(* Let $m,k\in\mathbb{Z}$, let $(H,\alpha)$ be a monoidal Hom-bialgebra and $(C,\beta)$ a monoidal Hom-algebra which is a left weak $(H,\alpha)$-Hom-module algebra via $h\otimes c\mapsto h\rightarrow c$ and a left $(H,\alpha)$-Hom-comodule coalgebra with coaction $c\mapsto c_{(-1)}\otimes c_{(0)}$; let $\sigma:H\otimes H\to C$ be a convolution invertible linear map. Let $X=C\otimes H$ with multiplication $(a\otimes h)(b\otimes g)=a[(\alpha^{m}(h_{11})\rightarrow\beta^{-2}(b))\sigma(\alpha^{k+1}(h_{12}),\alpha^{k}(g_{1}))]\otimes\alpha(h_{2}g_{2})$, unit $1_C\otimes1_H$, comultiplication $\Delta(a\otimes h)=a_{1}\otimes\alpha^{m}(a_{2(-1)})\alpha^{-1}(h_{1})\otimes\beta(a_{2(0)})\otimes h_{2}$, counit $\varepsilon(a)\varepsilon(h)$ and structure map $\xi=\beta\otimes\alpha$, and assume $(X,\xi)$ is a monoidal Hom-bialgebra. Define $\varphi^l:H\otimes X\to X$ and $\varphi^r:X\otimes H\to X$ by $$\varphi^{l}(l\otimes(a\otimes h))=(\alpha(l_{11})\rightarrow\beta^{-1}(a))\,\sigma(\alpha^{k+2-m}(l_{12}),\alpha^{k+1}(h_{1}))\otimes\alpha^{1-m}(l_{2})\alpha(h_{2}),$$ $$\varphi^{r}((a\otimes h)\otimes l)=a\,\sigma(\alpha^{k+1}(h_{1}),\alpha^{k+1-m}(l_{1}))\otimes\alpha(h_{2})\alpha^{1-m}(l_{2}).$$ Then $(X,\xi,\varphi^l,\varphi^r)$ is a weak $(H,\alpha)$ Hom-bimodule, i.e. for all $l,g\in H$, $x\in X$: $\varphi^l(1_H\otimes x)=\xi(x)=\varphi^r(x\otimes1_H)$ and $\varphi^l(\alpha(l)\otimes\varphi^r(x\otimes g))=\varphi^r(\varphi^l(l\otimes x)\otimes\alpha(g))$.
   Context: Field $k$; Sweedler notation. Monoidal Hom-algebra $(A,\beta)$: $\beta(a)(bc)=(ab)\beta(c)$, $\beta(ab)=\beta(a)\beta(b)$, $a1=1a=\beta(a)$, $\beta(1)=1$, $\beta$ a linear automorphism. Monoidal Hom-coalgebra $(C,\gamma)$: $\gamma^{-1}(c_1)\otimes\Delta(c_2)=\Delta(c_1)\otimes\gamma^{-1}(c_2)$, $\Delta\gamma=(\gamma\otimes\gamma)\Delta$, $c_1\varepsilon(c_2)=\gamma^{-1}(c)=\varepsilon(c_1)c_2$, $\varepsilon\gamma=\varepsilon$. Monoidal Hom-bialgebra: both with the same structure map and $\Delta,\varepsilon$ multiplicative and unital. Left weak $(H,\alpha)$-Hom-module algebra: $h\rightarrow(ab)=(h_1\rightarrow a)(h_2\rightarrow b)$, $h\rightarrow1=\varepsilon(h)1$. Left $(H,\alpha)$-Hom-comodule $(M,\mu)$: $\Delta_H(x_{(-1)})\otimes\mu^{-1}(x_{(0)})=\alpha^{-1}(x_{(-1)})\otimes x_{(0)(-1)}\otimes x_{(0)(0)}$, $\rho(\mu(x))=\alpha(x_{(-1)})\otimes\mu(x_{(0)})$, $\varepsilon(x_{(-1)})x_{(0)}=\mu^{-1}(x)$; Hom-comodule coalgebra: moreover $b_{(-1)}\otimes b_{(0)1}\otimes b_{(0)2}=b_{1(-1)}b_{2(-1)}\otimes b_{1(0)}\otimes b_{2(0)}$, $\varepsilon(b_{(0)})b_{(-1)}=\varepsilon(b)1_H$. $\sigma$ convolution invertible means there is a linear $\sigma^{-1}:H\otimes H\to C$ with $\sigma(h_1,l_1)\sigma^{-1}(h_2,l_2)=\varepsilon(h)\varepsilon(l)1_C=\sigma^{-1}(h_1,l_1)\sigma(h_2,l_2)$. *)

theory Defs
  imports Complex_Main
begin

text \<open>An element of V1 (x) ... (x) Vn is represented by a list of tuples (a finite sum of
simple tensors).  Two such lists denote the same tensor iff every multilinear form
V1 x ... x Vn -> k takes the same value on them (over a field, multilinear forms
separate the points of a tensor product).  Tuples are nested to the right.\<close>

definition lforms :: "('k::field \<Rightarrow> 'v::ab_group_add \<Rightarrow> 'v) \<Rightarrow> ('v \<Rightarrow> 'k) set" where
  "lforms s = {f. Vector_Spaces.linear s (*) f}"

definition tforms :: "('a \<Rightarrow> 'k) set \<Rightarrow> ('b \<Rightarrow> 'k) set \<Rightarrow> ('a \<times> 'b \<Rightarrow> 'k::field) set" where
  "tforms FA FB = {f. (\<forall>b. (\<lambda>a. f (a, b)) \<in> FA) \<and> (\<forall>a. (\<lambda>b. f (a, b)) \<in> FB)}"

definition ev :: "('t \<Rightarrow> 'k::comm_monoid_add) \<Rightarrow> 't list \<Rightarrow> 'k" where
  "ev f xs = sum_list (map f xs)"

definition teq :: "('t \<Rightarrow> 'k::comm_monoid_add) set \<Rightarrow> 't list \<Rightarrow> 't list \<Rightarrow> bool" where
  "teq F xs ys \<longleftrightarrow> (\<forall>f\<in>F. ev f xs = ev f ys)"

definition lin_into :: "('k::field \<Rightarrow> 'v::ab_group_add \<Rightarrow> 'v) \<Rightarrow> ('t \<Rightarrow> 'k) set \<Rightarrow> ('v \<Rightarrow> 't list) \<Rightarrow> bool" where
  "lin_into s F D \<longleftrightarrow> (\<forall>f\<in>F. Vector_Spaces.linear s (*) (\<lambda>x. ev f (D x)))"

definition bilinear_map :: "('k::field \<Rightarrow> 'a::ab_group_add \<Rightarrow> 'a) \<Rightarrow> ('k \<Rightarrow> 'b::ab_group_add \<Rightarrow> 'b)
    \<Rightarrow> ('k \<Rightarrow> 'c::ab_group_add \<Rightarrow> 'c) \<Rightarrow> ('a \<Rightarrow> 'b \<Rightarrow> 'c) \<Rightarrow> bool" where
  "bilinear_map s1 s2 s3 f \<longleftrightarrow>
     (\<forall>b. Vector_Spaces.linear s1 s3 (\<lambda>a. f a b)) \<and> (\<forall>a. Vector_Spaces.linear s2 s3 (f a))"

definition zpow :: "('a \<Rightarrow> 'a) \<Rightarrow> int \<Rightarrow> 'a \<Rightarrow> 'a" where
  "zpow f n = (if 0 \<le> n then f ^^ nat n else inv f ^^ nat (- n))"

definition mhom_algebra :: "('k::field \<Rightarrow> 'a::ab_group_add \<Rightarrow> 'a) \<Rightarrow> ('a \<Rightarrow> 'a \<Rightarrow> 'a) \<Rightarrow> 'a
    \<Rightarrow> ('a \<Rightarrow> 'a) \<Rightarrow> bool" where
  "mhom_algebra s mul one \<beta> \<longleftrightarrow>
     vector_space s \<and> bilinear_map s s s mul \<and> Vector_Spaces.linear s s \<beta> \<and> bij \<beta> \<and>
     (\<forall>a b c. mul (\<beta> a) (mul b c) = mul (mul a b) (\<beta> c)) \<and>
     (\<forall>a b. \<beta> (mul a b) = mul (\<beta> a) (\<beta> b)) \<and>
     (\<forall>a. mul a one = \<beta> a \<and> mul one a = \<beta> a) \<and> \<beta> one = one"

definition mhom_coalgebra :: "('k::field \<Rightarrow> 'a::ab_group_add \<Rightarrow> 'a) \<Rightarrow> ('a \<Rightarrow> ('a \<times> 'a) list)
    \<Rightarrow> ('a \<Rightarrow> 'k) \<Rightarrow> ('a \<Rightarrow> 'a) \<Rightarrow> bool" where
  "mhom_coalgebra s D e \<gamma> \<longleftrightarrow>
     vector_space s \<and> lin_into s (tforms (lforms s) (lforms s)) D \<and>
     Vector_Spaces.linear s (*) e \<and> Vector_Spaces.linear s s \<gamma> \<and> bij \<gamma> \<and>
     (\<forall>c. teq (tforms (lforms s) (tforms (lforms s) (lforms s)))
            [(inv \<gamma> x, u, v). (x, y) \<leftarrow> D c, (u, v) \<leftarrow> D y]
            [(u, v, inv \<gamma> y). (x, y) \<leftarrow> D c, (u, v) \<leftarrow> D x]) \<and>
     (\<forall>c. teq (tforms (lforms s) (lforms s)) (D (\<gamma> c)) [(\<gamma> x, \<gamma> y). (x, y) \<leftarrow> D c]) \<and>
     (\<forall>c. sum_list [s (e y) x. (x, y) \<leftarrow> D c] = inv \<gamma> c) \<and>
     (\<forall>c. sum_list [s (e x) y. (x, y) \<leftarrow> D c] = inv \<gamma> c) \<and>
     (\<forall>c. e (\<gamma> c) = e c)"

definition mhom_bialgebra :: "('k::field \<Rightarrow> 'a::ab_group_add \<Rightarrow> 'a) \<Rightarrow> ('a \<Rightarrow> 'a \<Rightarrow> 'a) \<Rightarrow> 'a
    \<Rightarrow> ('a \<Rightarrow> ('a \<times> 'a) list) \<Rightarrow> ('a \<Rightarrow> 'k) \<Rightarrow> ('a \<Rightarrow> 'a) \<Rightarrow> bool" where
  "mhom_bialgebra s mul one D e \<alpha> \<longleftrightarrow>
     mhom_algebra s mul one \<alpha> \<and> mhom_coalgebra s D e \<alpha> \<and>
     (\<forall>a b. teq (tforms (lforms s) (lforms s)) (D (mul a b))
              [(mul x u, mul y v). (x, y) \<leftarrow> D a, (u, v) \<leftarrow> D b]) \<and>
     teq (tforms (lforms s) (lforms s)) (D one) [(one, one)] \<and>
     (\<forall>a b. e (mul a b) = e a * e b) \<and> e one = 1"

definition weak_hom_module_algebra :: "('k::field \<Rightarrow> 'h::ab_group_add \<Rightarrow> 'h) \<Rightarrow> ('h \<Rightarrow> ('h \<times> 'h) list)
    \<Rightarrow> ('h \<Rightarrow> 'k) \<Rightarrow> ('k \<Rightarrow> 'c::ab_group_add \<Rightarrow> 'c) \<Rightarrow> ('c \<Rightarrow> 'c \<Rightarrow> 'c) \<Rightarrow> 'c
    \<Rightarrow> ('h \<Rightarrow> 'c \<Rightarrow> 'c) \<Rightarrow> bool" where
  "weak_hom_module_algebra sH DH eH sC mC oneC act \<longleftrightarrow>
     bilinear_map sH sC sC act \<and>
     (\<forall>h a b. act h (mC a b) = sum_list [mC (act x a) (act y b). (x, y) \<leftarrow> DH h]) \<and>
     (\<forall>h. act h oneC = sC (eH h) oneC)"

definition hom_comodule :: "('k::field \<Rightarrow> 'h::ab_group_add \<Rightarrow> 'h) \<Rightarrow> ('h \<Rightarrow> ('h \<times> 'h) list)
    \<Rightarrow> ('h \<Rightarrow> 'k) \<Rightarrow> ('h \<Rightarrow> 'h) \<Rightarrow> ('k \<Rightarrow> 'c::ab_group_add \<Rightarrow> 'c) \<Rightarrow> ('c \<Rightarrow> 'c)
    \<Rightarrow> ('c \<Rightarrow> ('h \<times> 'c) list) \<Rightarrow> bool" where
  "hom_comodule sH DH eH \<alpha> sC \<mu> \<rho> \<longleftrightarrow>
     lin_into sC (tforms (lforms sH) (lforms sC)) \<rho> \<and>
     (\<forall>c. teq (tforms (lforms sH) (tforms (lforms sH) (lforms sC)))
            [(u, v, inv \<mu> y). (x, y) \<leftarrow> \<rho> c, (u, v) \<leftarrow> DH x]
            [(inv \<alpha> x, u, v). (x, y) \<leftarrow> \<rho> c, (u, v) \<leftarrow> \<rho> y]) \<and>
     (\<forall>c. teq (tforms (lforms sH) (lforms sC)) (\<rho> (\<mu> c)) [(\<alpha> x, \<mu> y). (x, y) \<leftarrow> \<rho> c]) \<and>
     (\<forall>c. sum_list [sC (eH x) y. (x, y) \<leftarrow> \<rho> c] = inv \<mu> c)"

★ ★ ★ ★

• [Required action] Retrieve each line of the data in which the word "bool" can be found.

• [Solution to this exercise]
definition teq :: "('t \<Rightarrow> 'k::comm_monoid_add) set \<Rightarrow> 't list \<Rightarrow> 't list \<Rightarrow> bool" where
definition lin_into :: "('k::field \<Rightarrow> 'v::ab_group_add \<Rightarrow> 'v) \<Rightarrow> ('t \<Rightarrow> 'k) set \<Rightarrow> ('v \<Rightarrow> 't list) \<Rightarrow> bool" where
    \<Rightarrow> ('k \<Rightarrow> 'c::ab_group_add \<Rightarrow> 'c) \<Rightarrow> ('a \<Rightarrow> 'b \<Rightarrow> 'c) \<Rightarrow> bool" where
    \<Rightarrow> ('a \<Rightarrow> 'a) \<Rightarrow> bool" where
    \<Rightarrow> ('a \<Rightarrow> 'k) \<Rightarrow> ('a \<Rightarrow> 'a) \<Rightarrow> bool" where
    \<Rightarrow> ('a \<Rightarrow> ('a \<times> 'a) list) \<Rightarrow> ('a \<Rightarrow> 'k) \<Rightarrow> ('a \<Rightarrow> 'a) \<Rightarrow> bool" where
    \<Rightarrow> ('h \<Rightarrow> 'c \<Rightarrow> 'c) \<Rightarrow> bool" where
    \<Rightarrow> ('c \<Rightarrow> ('h \<times> 'c) list) \<Rightarrow> bool" where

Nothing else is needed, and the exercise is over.